Two Birds, One Stone and a PC: Cyberterrorism and the Trouble with Our Response

Quyen Nguyen
The Full Bench
Published in
4 min readSep 1, 2018

Margaret Cai analyses Australia’s legal response to cyberterrorism.

It’s June in 2015 and the United States of America is pre-occupied.

Caitlyn Jenner is trending, China’s stock market is crashing, Donald Trump has just announced his intention to seek the Republican nomination in the US Presidential Race.

Some 15,000 kilometres away in Kuala Lumpur, a 20-year old student hacks into the database of an unnamed American retailer and filters through tens of thousands of customer details. He settles on the locations, phone numbers and emails of 1351 US military and government personnel.

At an instant, this information is sent to ISIL.

Grabosky and Stohl declare that ‘few terms in contemporary conventional discourse are used as loosely as cyber and terrorism’. Naturally then, a definition is even more difficult to arrest when they are compounded. At its crux cyberterrorism and information warfare immobilises computer systems with the purpose of debilitating existing infrastructures. Its effect is both unpredictable and profound, causing governments to negotiate the delicate balance between maintaining security mechanisms against personal liberties.

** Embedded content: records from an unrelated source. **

lemma annulus_chart_strip:
  assumes "n \<ge> 1" "w \<in> annulus_box" "\<bar>Im w\<bar> < 1"
  shows "annulus_chart n w \<noteq> 0 \<and> 2 / annulus_chart n w = Complex (real n + Re w) (Im w / (1 - \<bar>Im w\<bar>))"
proof -
  define a where "a = 1 - \<bar>Im w\<bar>"
  define D where "D = complex_of_real ((real n + Re w) * a) + \<i> * complex_of_real (Im w)"
  have "a > 0" "real n + Re w > 0"
    using assms by (auto simp: a_def mem_annulus_box)
  then have "Re D > 0"
    by (simp add: D_def)
  then have "D \<noteq> 0"
    by auto
  have P: "annulus_chart n w = complex_of_real (2 * a) / D"
    by (simp add: annulus_chart_def D_def a_def)
  have "annulus_chart n w \<noteq> 0" "2 / annulus_chart n w = D / complex_of_real a"
    unfolding P using \<open>D \<noteq> 0\<close> \<open>a > 0\<close> by (simp_all add: field_simps)
  then show ?thesis
    using \<open>a > 0\<close> by (simp add: D_def a_def complex_eq_iff Re_divide_of_real Im_divide_of_real)
qed

lemma circ_coord_annulus_chart:
  "n \<ge> 1 \<Longrightarrow> w \<in> annulus_box \<Longrightarrow> \<bar>Im w\<bar> < 1 \<Longrightarrow> circ_coord (annulus_chart n w) = real n + Re w"
  using annulus_chart_strip by (simp add: circ_coord_def)

lemma annulus_chart_inv_chart:
  assumes "n \<ge> 1" "w \<in> annulus_box" "\<bar>Im w\<bar> < 1"
  shows "annulus_chart_inv n (annulus_chart n w) = w"
proof -
  define a where "a = 1 - \<bar>Im w\<bar>"
  have "a > 0"
    using assms by (simp add: a_def)
  then have "Im w / a / (1 + \<bar>Im w / a\<bar>) = Im w"
    by (simp add: a_def abs_divide field_simps)
  moreover have "annulus_chart_inv n (annulus_chart n w) = Complex (Re w) (Im w / a / (1 + \<bar>Im w / a\<bar>))"
    using annulus_chart_strip [OF assms] by (simp add: annulus_chart_inv_def circ_coord_def a_def)
  ultimately show ?thesis
    by (simp add: complex_eq_iff)
qed
definition tangent_line :: "(real \<Rightarrow> complex) \<Rightarrow> real \<Rightarrow> complex set" where
  "tangent_line c t = {c t + of_real r * vector_derivative c (at t) | r. True}"

definition tangent_lines_parallel :: "(real \<Rightarrow> complex) \<Rightarrow> real \<Rightarrow> real \<Rightarrow> real \<Rightarrow> bool" where
  "tangent_lines_parallel c s0 s1 s2 \<longleftrightarrow>
     (\<exists>d. d \<noteq> 0 \<and> (\<forall>t\<in>{s0, s1, s2}. \<exists>r::real. vector_derivative c (at t) = of_real r * d))"

definition tangent_lines_concurrent :: "(real \<Rightarrow> complex) \<Rightarrow> real \<Rightarrow> real \<Rightarrow> real \<Rightarrow> bool" where
  "tangent_lines_concurrent c s0 s1 s2 \<longleftrightarrow>
     (\<exists>p. p \<in> tangent_line c s0 \<and> p \<in> tangent_line c s1 \<and> p \<in> tangent_line c s2)"

end

theory Submission imports Defs begin

(* Tri is modelled as the unit sphere of C^2 = R^4, and F factors as
   F = N o G, where G(s0,s1,s2) = (c s1 - c s0, c s2 - c s0) records the two edge
   vectors and N v = v/|v| is the normalisation onto the sphere.  The derivative
   of N at w is onto the tangent space w^perp with kernel R w, and a linear map
   from R^3 into the 3-dimensional tangent space is onto iff it is injective.
   Hence (s0,s1,s2) is critical iff some nonzero velocity (a0,a1,a2) of the
   parameters moves the three points along their tangents d_i = c'(s_i) such
   that the edge vectors change by a multiple l of themselves:
       a1 d1 - a0 d0 = l (z1 - z0),   a2 d2 - a0 d0 = l (z2 - z0).
   Elementary plane geometry finally identifies this relation with the three
   tangent lines being parallel (case l = 0) or concurrent (case l ~= 0, the
   common point being z_i - (a_i/l) d_i). *)

section \<open>Linear algebra: onto a subspace of the same dimension\<close>

text \<open>This turns the non-surjectivity of the tangent
  map into the existence of a nonzero kernel vector.\<close>

lemma linear_onto_subspace_iff_inj:
  fixes D :: "'a::euclidean_space \<Rightarrow> 'b::euclidean_space"
  assumes lin: "linear D" and S: "subspace S" and sub: "range D \<subseteq> S"
    and dimS: "dim S = DIM('a)"
  shows "range D = S \<longleftrightarrow> inj D"
proof
  assume onto: "range D = S"
  show "inj D"
    unfolding linear_injective_0[OF lin]
  proof (intro allI impI, rule ccontr)
    fix h0 assume h0: "D h0 = 0" "h0 \<noteq> 0"
    let ?K = "{x. inner h0 x = 0}"
    have "range D \<subseteq> D ` ?K"
    proof
      fix y assume "y \<in> range D"
      then obtain x where x: "y = D x" by auto
      let ?xK = "x - (inner h0 x / inner h0 h0) *\<^sub>R h0"
      have "?xK \<in> ?K" using h0(2) by (simp add: inner_diff_right)
      moreover have "D ?xK = D x"
        using h0(1) by (simp add: linear_diff[OF lin] linear_scale[OF lin])
      ultimately show "y \<in> D ` ?K" using x by (metis image_eqI)
    qed
    then have "dim (range D) \<le> dim ?K"
      using dim_image_le[OF lin, of ?K] by (metis dual_order.antisym image_mono subset_UNIV)
    also have "\<dots> < DIM('a)"
      using dim_hyperplane[OF h0(2)] by simp
    finally show False using onto dimS by simp
  qed
next
  assume "inj D"
  then have "dim (range D) = DIM('a)"
    using dim_image_eq[OF lin, of UNIV] by simp
  then show "range D = S"
    using subspace_dim_equal[OF linear_subspace_image[OF lin subspace_UNIV] S sub] dimS by simp
qed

In Australia, cyberterrorism can be captured by the Criminal Code Act 1995 insofar as it assumes an action or threat of action underpinned by an objective of advancing a political, religious or ideological cause. This must further be accompanied by the intention to intimidate the government or public. The Criminal Code Amendment (Terrorism) Act 2003 then reified the legislature’s position in the digital landscape by expressly providing that terrorist activities encompass that which seriously interferes with, disrupts or destroys an electronic system.

On a broader level, the legal responses to deal with terror threats largely subscribe to one of two categories — regulation and amelioration. While regulation refers to the prevention, enquiry and punitive reactions to terrorist activities, the latter plays a moderating role in relieving the social burdens of implemented counter-measures. This position is coloured by perspectives of human rights and the rule of law, as well as ideas concerning public resourcing. The result is the subversion of a utilitarian approach to terrorism; it deviates from a calculus where the rights and interests of individuals are compromised to suit the preservation of social institutions and comforts.

An example of the difficulty in negotiating the two is ‘Operation Titstorm’, a cyberattack perpetuated by online hacktivist group Anonymous on the Parliament House website. This involved the distribution of pornographic material to parliamentary email addresses in response to government proposals to ban select pornographic content from being accessed. Here, Hardy exposes the low threshold for prosecuting electronic terrorism in Australia as championed by the s 100.1(3) of the Criminal Code Act. The broad nature of this earlier outlined definition means that incidences such as digital protesting are at risk of being categorised as cyberterrorism.

While Malcolm Turnbull aptly observed that ‘the cyber sphere demands reactions as rapid as the kinetic battlefield’, Australia’s commitments to cybersecurity appear rhetorical. In 2016, American policy afforded $19billion of ‘emergency spend’ into enhancing cybersecurity in the civil sector, equating to 400 times the annualised, Australian spend. It is thus unsurprising that internationally, and in light of discourse surrounding terrorism, the notion of ‘liberty’ is situated in a pejorative dialogue where its forfeiture is justified and absolute. This again, occurs as a compelling juxtaposition from earlier Australian readings of terror threats, best epitomised by the conception of the Commonwealth’s Cybercrime Bill.

In his second reading speech, the Attorney-General notably tied cybercrime in with its economic costs to companies worldwide — positioning it as a corporate and financial imperative rather than an issue of national security. An examination of the current Australian approach towards cyberterrorism will suggest that the legal position is both stagnant and imperfect, despite its wider-global, political context.

In many ways cyberterrorism assumes the character of a recontextualised, reimagined form of guerrilla warfare. In August 2015, ISIL disseminated the details of 1351 individuals onto Twitter. It contained the following warning:

‘…we have your names and addresses…we are extracting confidential data and passing on your personal information to the soldiers of the khilafah, who soon with the permission of Allah will strike at your necks in your own lands!’

What is clear is that the encroachment of terror activity onto cyberspace presents new challenges for both international and national governments. If Australia continues to take a reactionary back-seat against cyberterrorism through statute and funding, we’ll risk sinking in a kinetic battlefield.